In Cameroon, we eat huge portions of food. Partly it’s because so much of each meal is just simple carbs, and partly it’s because your burn a lot more calories here walking everywhere and also just hanging out in the heat. If/when I ever come back to the states, prepare to see me put on some massive weight.

Even with the visor down on my moto helmet and both vents closed I still always return from Garoua coughing and with a sore throat. Never underestimate the power of dust and pollution on the old respiratory system.

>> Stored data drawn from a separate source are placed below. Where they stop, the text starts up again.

lemma fourier_borel_measurable:
  fixes f :: "'a::euclidean_space \<Rightarrow> complex"
  assumes "continuous_on UNIV f"
  shows "fourier f \<in> borel_measurable lborel"
proof -
  have "continuous_on UNIV (\<lambda>p::'a \<times> 'a. cis (- (fst p \<bullet> snd p)) * f (snd p))"
    by (intro continuous_intros continuous_on_compose2[OF assms]) auto
  then have "(\<lambda>p::'a \<times> 'a. cis (- (fst p \<bullet> snd p)) * f (snd p)) \<in> borel_measurable (lborel \<Otimes>\<^sub>M lborel)"
    unfolding lborel_prod by (simp add: borel_measurable_continuous_onI)
  then have "(\<lambda>\<xi>. \<integral>x. cis (- (\<xi> \<bullet> x)) * f x \<partial>lborel) \<in> borel_measurable lborel"
    by (intro lborel.borel_measurable_lebesgue_integral) (simp add: case_prod_beta)
  then show ?thesis unfolding fourier_def by (intro borel_measurable_times) auto
qed

lemma fourier_test_fun_borel_measurable: "\<phi> \<in> test_fun G \<Longrightarrow> fourier \<phi> \<in> borel_measurable lborel"
  by (intro fourier_borel_measurable smooth_fun_continuous_on test_fun_smooth)

lemma integrable_weighted_fourier:
  assumes \<phi>: "\<phi> \<in> test_fun G"
  shows "integrable lborel (\<lambda>\<xi>. (1 + (norm \<xi>)\<^sup>2) powr p * (cmod (fourier \<phi> \<xi>))\<^sup>2)"
proof -
  define d where "d = real DIM('a)"
  obtain m :: nat where m: "(p + d) / 2 \<le> real m" using real_arch_simple by blast
  obtain B where B: "\<And>\<xi>. (1 + (norm \<xi>)\<^sup>2) ^ m * norm (fourier \<phi> \<xi>) \<le> B"
    using fourier_rapid_decay[OF \<phi>] by blast
  have bound: "(1 + (norm \<xi>)\<^sup>2) powr p * (cmod (fourier \<phi> \<xi>))\<^sup>2 \<le> B\<^sup>2 * (\<Prod>b\<in>Basis. inverse (1 + (\<xi> \<bullet> b)\<^sup>2))"
    for \<xi> :: 'a
  proof -
    define u where "u = 1 + (norm \<xi>)\<^sup>2"
    have u1: "u \<ge> 1" unfolding u_def by simp
    then have "0 < u ^ m" by simp
    then have "norm (fourier \<phi> \<xi>) \<le> B / u ^ m"
      using B[of \<xi>] unfolding u_def by (simp add: field_simps)
    then have "(cmod (fourier \<phi> \<xi>))\<^sup>2 \<le> (B / u ^ m)\<^sup>2"
      by (intro power_mono) auto
    also have "\<dots> = B\<^sup>2 / u powr (2 * real m)"
      using powr_realpow[of u "m * 2"] u1 by (simp add: power_divide power_mult mult.commute)
    finally have "u powr p * (cmod (fourier \<phi> \<xi>))\<^sup>2 \<le> u powr p * (B\<^sup>2 / u powr (2 * real m))"
      by (intro mult_left_mono) auto
    also have "\<dots> = B\<^sup>2 * u powr (p - 2 * real m)"
      using u1 by (simp add: powr_diff)
    also have "\<dots> \<le> B\<^sup>2 * u powr (- d)"
      using u1 m by (intro mult_left_mono powr_mono) auto
    also have "\<dots> \<le> B\<^sup>2 * (\<Prod>b\<in>Basis. inverse (1 + (\<xi> \<bullet> b)\<^sup>2))"
      using one_plus_norm_sq_powr_neg_DIM_le[of \<xi>] unfolding u_def d_def by (intro mult_left_mono) auto
    finally show ?thesis unfolding u_def .
  qed
  show ?thesis
  proof (rule Bochner_Integration.integrable_bound)
    show "integrable lborel (\<lambda>\<xi>::'a. B\<^sup>2 * (\<Prod>b\<in>Basis. inverse (1 + (\<xi> \<bullet> b)\<^sup>2)))"
      by (intro integrable_mult_right integrable_prod_inverse_one_plus_square)
    show "(\<lambda>\<xi>. (1 + (norm \<xi>)\<^sup>2) powr p * (cmod (fourier \<phi> \<xi>))\<^sup>2) \<in> borel_measurable lborel"
      using fourier_test_fun_borel_measurable[OF \<phi>] by measurable
    show "AE \<xi> in lborel. norm ((1 + (norm \<xi>)\<^sup>2) powr p * (cmod (fourier \<phi> \<xi>))\<^sup>2)
        \<le> norm (B\<^sup>2 * (\<Prod>b\<in>Basis. inverse (1 + (\<xi> \<bullet> b)\<^sup>2)))"
      using bound by (intro AE_I2) (simp add: prod_nonneg)
  qed
qed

P-Square just might be God’s gift to man. If you don’t know what I’m talking about, look up the song “No One Be Like You.” It’s Nigerian R&B/Rap and in pidgin. I can’t get enough.

I don’t like watching Anthony Bourdain here for the same reason I had reservations (heh heh) about watching it in the U.S.: it makes me hungry. Except here, I don’t really keep snacks in the house aside from fruit, and a sliced orange doesn’t really cut it when Tony’s chowing into a big bowl of spicy Pho in Vietnam.

One of my friend’s daughters died a couple days ago. I think it was malaria. She was only a few months and old woke up sick one day. They tried to take her to the local hospital that afternoon but since it was a Saturday, it was closed. She died en route to the regional hospital in Garoua. Sometimes, things just get incredibly real here. It will definitely give me some more sense of personal purpose when I start doing malaria programs.

I can feel my English declining by the day. Maybe after two years I really will earn that superlative I got at Thanksgiving: Least likely to be able to speak English at COS.